Le classement en meublé de tourisme
C'est probablement la démarche la plus rentable que puisse faire un propriétaire qui loue régulièrement.
Le classement, délivré par un organisme agréé après visite, fait passer votre abattement de 30 à 50 % et relève votre plafond de 15 000 à 77 700 €.
Depuis 2025, il est devenu quasi indispensable pour rester au micro-BIC dès lors que vous louez régulièrement, compte tenu du plafond très bas applicable aux meublés non classés.
La démarche est accessible à la plupart des mobil-homes et HLL. Renseignez-vous auprès de votre mairie ou d'un organisme de classement agréé. L'économie fiscale couvre généralement le coût du classement dès la première année.
Le régime réel
Si vos charges réelles dépassent l'abattement forfaitaire, le régime réel peut être nettement plus avantageux.
Il permet de déduire l'ensemble de vos charges effectives et surtout d'amortir comptablement le bien, ce qui peut ramener votre bénéfice imposable à zéro.
C'est souvent le cas si vous avez financé votre achat à crédit, avec des intérêts d'emprunt et des mensualités importantes.
La comparaison détaillée entre les deux régimes fait l'objet de notre article dédié : Micro-BIC ou régime réel.
Faut-il s'immatriculer ?
Pour une location occasionnelle avec des revenus modestes, une simple déclaration en micro-BIC sur votre déclaration annuelle de revenus suffit.
Si votre activité devient plus régulière et génère des revenus significatifs, le statut de loueur en meublé non professionnel, le LMNP, peut être envisagé. Il ouvre notamment droit à l'amortissement du bien au régime réel.
Ce statut suppose des démarches d'immatriculation. Faites-vous accompagner si vous envisagez cette option, les règles ont évolué ces dernières années.
La taxe de séjour
À ne pas confondre avec l'impôt sur vos revenus. La taxe de séjour est collectée auprès de vos locataires et reversée à la commune.
En pratique, c'est souvent le camping ou l'ASL qui s'en charge pour le compte des propriétaires. Vérifiez ce point avec votre gestionnaire : si personne ne s'en occupe, la responsabilité de la collecte vous incombe.
Et la TVA ?
En tant que particulier louant un meublé, vous n'êtes en principe pas assujetti à la TVA sur vos recettes, tant que vous restez sous les seuils de franchise et que vous ne proposez pas de prestations para-hôtelières.

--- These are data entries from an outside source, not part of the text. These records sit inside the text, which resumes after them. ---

lemma marg_feasible_expectation_const:
  assumes "marg_feasible n x \<theta>"
  shows "subset_expectation n \<theta> (\<lambda>_. c) = c"
  using assms unfolding marg_feasible_def subset_expectation_def by (simp flip: sum_distrib_right)

lemma expectation_min_card_le:
  assumes "marg_feasible n x \<theta>"
  shows "subset_expectation n \<theta> (\<lambda>S. real (min (card S) k)) \<le> min (sum x {1..n}) (real k)"
proof -
  have nonneg: "\<forall>S\<in>Pow {1..n}. 0 \<le> \<theta> S"
    using assms unfolding marg_feasible_def by simp
  have "subset_expectation n \<theta> (\<lambda>S. real (min (card S) k)) \<le> subset_expectation n \<theta> (\<lambda>S. real (card S))"
    and "subset_expectation n \<theta> (\<lambda>S. real (min (card S) k)) \<le> subset_expectation n \<theta> (\<lambda>_. real k)"
    by (rule subset_expectation_mono[OF nonneg]; simp)+
  then show ?thesis
    unfolding marg_feasible_expected_card[OF assms] marg_feasible_expectation_const[OF assms] by simp
qed

lemma bdd_above_marg_feasible_expectations:
  "bdd_above {subset_expectation n \<theta> f | \<theta>. marg_feasible n x \<theta>}"
proof (rule bdd_aboveI)
  fix v assume "v \<in> {subset_expectation n \<theta> f | \<theta>. marg_feasible n x \<theta>}"
  then obtain \<theta> where \<theta>: "marg_feasible n x \<theta>" and v: "v = subset_expectation n \<theta> f" by blast
  have "\<theta> S * f S \<le> \<bar>f S\<bar>" if "S \<in> Pow {1..n}" for S
  proof -
    have "0 \<le> \<theta> S" "(\<Sum>S\<in>Pow {1..n}. \<theta> S) = 1" "\<forall>S\<in>Pow {1..n}. 0 \<le> \<theta> S"
      using \<theta> that unfolding marg_feasible_def by auto
    then have "\<theta> S \<le> 1"
      using member_le_sum[OF that, of \<theta>] by simp
    with \<open>0 \<le> \<theta> S\<close> have "\<theta> S * f S \<le> \<theta> S * \<bar>f S\<bar>" "\<theta> S * \<bar>f S\<bar> \<le> \<bar>f S\<bar>"
      by (simp_all add: mult_left_mono mult_left_le_one_le)
    then show ?thesis by linarith
  qed
  then show "v \<le> (\<Sum>S\<in>Pow {1..n}. \<bar>f S\<bar>)"
    unfolding v subset_expectation_def by (rule sum_mono)
qed

lemma concave_closure_upper:
  assumes "marg_feasible n x \<theta>"
  shows "subset_expectation n \<theta> f \<le> concave_closure n f x"
  unfolding concave_closure_def subset_expectation_def[symmetric]
  by (rule cSup_upper) (use assms bdd_above_marg_feasible_expectations in auto)

lemma concave_closure_least:
  assumes "marg_feasible n x \<theta>\<^sub>0" and "\<And>\<theta>. marg_feasible n x \<theta> \<Longrightarrow> subset_expectation n \<theta> f \<le> B"
  shows "concave_closure n f x \<le> B"
  unfolding concave_closure_def subset_expectation_def[symmetric]
  by (rule cSup_least) (use assms in auto)

lemma upper_pw_ext_upper:
  assumes "pw_feasible n x \<theta>"
  shows "subset_expectation n \<theta> f \<le> upper_pw_ext n f x"
proof -
  have "bdd_above {subset_expectation n \<theta> f | \<theta>. pw_feasible n x \<theta>}"
    by (rule bdd_above_mono[OF bdd_above_marg_feasible_expectations]) (auto simp: pw_feasible_def)
  with assms show ?thesis
    unfolding upper_pw_ext_def subset_expectation_def[symmetric] by (intro cSup_upper) auto
qed

lemma upper_pw_ext_least:
  assumes "pw_feasible n x \<theta>\<^sub>0" and "\<And>\<theta>. pw_feasible n x \<theta> \<Longrightarrow> subset_expectation n \<theta> f \<le> B"
  shows "upper_pw_ext n f x \<le> B"
  unfolding upper_pw_ext_def subset_expectation_def[symmetric]
  by (rule cSup_least) (use assms in auto)
lemma dual_codeword_of_encoding_failure:
  assumes "\<not> encodable G0 G1 n l k m c"
  obtains y where "y \<in> dual_code G0 n l" "y \<noteq> (\<lambda>_. 0)" "\<forall>i<n. y i \<noteq> 0 \<longrightarrow> c i \<noteq> None"
proof -
  define U where "U = {i \<in> {..<n}. c i \<noteq> None}"
  define b where "b i = mat_vec G1 k m i + the (c i)" for i
  have "finite U" by (simp add: U_def)
  from linear_system_solvable_or_certificate[OF this, where A = G0 and b = b and l = l] show thesis
  proof (elim disjE exE conjE)
    fix d assume d: "\<forall>i\<in>U. (\<Sum>j<l. G0 i j * d j) = b i"
    define d' where "d' j = (if j < l then d j else 0)" for j
    have "d' \<in> bvecs l" by (simp add: d'_def bvecs_def)
    moreover have "mat_vec G0 l d' i = mat_vec G1 k m i + s" if "i < n" "c i = Some s" for i s
    proof -
      have "mat_vec G0 l d' i = (\<Sum>j<l. G0 i j * d j)"
        unfolding mat_vec_def d'_def by (rule sum.cong) auto
      then show ?thesis using d that by (simp add: U_def b_def)
    qed
    ultimately have "encodable G0 G1 n l k m c" unfolding encodable_def by blast
    with assms show thesis by contradiction
  next
    fix y assume y_orth: "\<forall>j<l. (\<Sum>i\<in>U. y i * G0 i j) = 0" and y_b: "(\<Sum>i\<in>U. y i * b i) = 1"
    define y' where "y' i = (if i \<in> U then y i else 0)" for i
    have restrict_to_U: "(\<Sum>i<n. G0 i j * y' i) = (\<Sum>i\<in>U. y i * G0 i j)" for j
    proof -
      have "(\<Sum>i<n. G0 i j * y' i) = (\<Sum>i<n. if c i \<noteq> None then y i * G0 i j else 0)"
        by (rule sum.cong) (auto simp: y'_def U_def)
      then show ?thesis unfolding U_def by (simp only: sum.inter_filter[OF finite_lessThan])
    qed
    have "y' \<in> bvecs n" by (simp add: bvecs_def y'_def U_def)
    with y_orth have "y' \<in> dual_code G0 n l"
      unfolding dual_code_def mem_Collect_eq restrict_to_U by blast
    moreover have "y' \<noteq> (\<lambda>_. 0)"
    proof
      assume "y' = (\<lambda>_. 0)"
      then have "\<forall>i\<in>U. y i = 0" by (simp add: y'_def fun_eq_iff) meson
      with y_b show False by simp
    qed
    moreover have "\<forall>i<n. y' i \<noteq> 0 \<longrightarrow> c i \<noteq> None" by (simp add: y'_def U_def)
    ultimately show thesis by (rule that)
  qed
qed

lemma prob_defects_cover_support:
  "(\<Sum>c\<in>{c \<in> defect_configs n. \<forall>i<n. y i \<noteq> 0 \<longrightarrow> c i \<noteq> None}. config_prob \<beta> n c)
     = \<beta> ^ hweight n y"
proof -
  define S where "S i = (if y i = 0 then UNIV else {Some 0, Some (1::bit)})" for i
  define f where "f a = (case a of None \<Rightarrow> 1 - \<beta> | Some _ \<Rightarrow> \<beta> / 2)" for a :: "bit option"
  have "a \<in> S i \<longleftrightarrow> (y i \<noteq> 0 \<longrightarrow> a \<noteq> None)" for a i
    by (cases a) (auto simp: S_def)
  then have configs: "{c \<in> defect_configs n. \<forall>i<n. y i \<noteq> 0 \<longrightarrow> c i \<noteq> None} = padded_funs n S None"
    unfolding defect_configs_def padded_funs_def by blast
  have cell: "(\<Sum>a\<in>S i. f a) = (if y i \<noteq> 0 then \<beta> else 1)" for i
    by (simp add: S_def f_def UNIV_bit_option)
  have "(\<Sum>c\<in>padded_funs n S None. config_prob \<beta> n c) = (\<Sum>c\<in>padded_funs n S None. \<Prod>i<n. f (c i))"
    by (simp add: config_prob_def f_def)
  also have "\<dots> = (\<Prod>i<n. \<Sum>a\<in>S i. f a)"
    by (rule sum_prod_padded_funs) (simp add: S_def UNIV_bit_option)
  also have "\<dots> = (\<Prod>i<n. if y i \<noteq> 0 then \<beta> else 1)"
    by (simp only: cell)
  also have "\<dots> = (\<Prod>i\<in>{i. i < n \<and> y i \<noteq> 0}. \<beta>)"
    by (simp add: prod.If_cases Int_def conj_commute)
  finally show ?thesis unfolding configs hweight_def by simp
qed

lemma sum_le_sum_of_cover:
  fixes p :: "'c \<Rightarrow> 'a::ordered_comm_monoid_add"
  assumes "finite C" "finite Y" "F \<subseteq> C" "\<And>c. c \<in> C \<Longrightarrow> 0 \<le> p c"
    and cover: "\<And>c. c \<in> F \<Longrightarrow> \<exists>y\<in>Y. Q y c"
  shows "sum p F \<le> (\<Sum>y\<in>Y. sum p {c \<in> C. Q y c})"
proof -
  have "sum p F \<le> (\<Sum>c\<in>F. \<Sum>y\<in>Y. if Q y c then p c else 0)"
  proof (rule sum_mono)
    fix c assume "c \<in> F"
    with cover obtain y where "y \<in> Y" "Q y c" by blast
    then have "(if Q y c then p c else 0) \<le> (\<Sum>y\<in>Y. if Q y c then p c else 0)"
      using assms \<open>c \<in> F\<close> by (intro sum_nonneg_leq_bound[OF \<open>finite Y\<close> _ refl]) auto
    with \<open>Q y c\<close> show "p c \<le> (\<Sum>y\<in>Y. if Q y c then p c else 0)" by simp
  qed
  also have "\<dots> \<le> (\<Sum>c\<in>C. \<Sum>y\<in>Y. if Q y c then p c else 0)"
    using assms by (intro sum_mono2) (auto intro: sum_nonneg)
  also have "\<dots> = (\<Sum>y\<in>Y. sum p {c \<in> C. Q y c})"
    using assms by (simp add: sum.swap[of _ C] sum.inter_filter)
  finally show ?thesis .
qed

lemma fail_prob_le_sum_dual_code:
  assumes "0 \<le> \<beta>" "\<beta> \<le> 1"
  shows "fail_prob \<beta> G0 G1 n l k m \<le> (\<Sum>y\<in>dual_code G0 n l - {\<lambda>_. 0}. \<beta> ^ hweight n y)"
proof -
  have "fail_prob \<beta> G0 G1 n l k m
          \<le> (\<Sum>y\<in>dual_code G0 n l - {\<lambda>_. 0}.
               \<Sum>c\<in>{c \<in> defect_configs n. \<forall>i<n. y i \<noteq> 0 \<longrightarrow> c i \<noteq> None}. config_prob \<beta> n c)"
    unfolding fail_prob_def
  proof (rule sum_le_sum_of_cover)
    show "0 \<le> config_prob \<beta> n c" for c
      using assms unfolding config_prob_def by (intro prod_nonneg) (auto split: option.split)
    show "\<exists>y\<in>dual_code G0 n l - {\<lambda>_. 0}. \<forall>i<n. y i \<noteq> 0 \<longrightarrow> c i \<noteq> None"
      if "c \<in> {c \<in> defect_configs n. \<not> encodable G0 G1 n l k m c}" for c
      using that dual_codeword_of_encoding_failure[of G0 G1 n l k m c] by blast
  qed (auto simp: finite_defect_configs finite_dual_code)
  then show ?thesis by (simp only: prob_defects_cover_support)
qed

lemma sum_dual_code_weights_le:
  fixes a \<beta> :: real
  assumes "0 \<le> \<beta>" "0 \<le> a"
    and weights: "\<forall>w. min_dist G0 n l \<le> w \<and> w \<le> n \<longrightarrow> real (weight_enum G0 n l w) \<le> a * real (n choose w)"
  shows "(\<Sum>y\<in>dual_code G0 n l - {\<lambda>_. 0}. \<beta> ^ hweight n y) \<le> a * (1 + \<beta>) ^ n"
proof -
  define D where "D = dual_code G0 n l - {\<lambda>_. 0}"
  have "(\<Sum>y\<in>D. \<beta> ^ hweight n y) = (\<Sum>w\<le>n. real (card {y \<in> D. hweight n y = w}) * \<beta> ^ w)"
    by (rule sum_fun_comp) (auto simp: D_def finite_dual_code hweight_le)
  also have "\<dots> \<le> (\<Sum>w\<le>n. a * real (n choose w) * \<beta> ^ w)"
  proof (rule sum_mono)
    fix w assume w: "w \<in> {..n}"
    have "real (card {y \<in> D. hweight n y = w}) \<le> a * real (n choose w)"
    proof (cases "{y \<in> D. hweight n y = w} = {}")
      case False
      then obtain y where "y \<in> D" "hweight n y = w" by blast
      then have "min_dist G0 n l \<le> w" by (auto simp: D_def intro: min_dist_le_hweight)
      moreover have "card {y \<in> D. hweight n y = w} \<le> weight_enum G0 n l w"
        unfolding weight_enum_def D_def by (rule card_mono) (auto simp: finite_dual_code)
      ultimately show ?thesis using weights w by (meson atMost_iff of_nat_le_iff order_trans)
    qed (use \<open>0 \<le> a\<close> in \<open>simp only: card.empty, simp\<close>)
    then show "real (card {y \<in> D. hweight n y = w}) * \<beta> ^ w \<le> a * real (n choose w) * \<beta> ^ w"
      using \<open>0 \<le> \<beta>\<close> by (intro mult_right_mono) auto
  qed
  also have "\<dots> = a * (\<beta> + 1) ^ n"
    by (simp add: binomial_ring sum_distrib_left mult.assoc)
  finally show ?thesis by (simp add: D_def add.commute)
qed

Le détail figure dans notre article sur la TVA et le loyer d'emplacement.
Avant tout : vérifiez que vous avez le droit de louer
Cela peut sembler évident, mais c'est le préalable que certains propriétaires découvrent trop tard.
En camping classique, la sous-location nécessite l'autorisation écrite du gestionnaire. En PRL, le règlement de l'ASL peut l'encadrer ou la limiter.
Louer sans autorisation peut entraîner la résiliation de votre contrat d'emplacement. Le sujet est traité dans notre article sur la sous-location et la conciergerie.
Ce qu'il faut retenir
- Tous vos revenus locatifs sont imposables, sans exception.
- Ils relèvent des BIC, pas des revenus fonciers.
- Micro-BIC : 30 % d'abattement non classé, 50 % si classé meublé de tourisme.
- Le classement est devenu presque indispensable pour qui loue régulièrement.
- Le régime réel peut être plus avantageux si vous avez un crédit en cours.
- Vérifiez d'abord que votre contrat vous autorise à louer.
Avertissement légal et fiscal. Les informations fiscales contenues dans cet article sont fournies à titre informatif et pédagogique. Les seuils, taux d'abattement et régimes évoluent régulièrement : ceux mentionnés sont en vigueur au moment de la rédaction. Pour votre situation personnelle, consultez impérativement un expert-comptable ou un conseiller fiscal.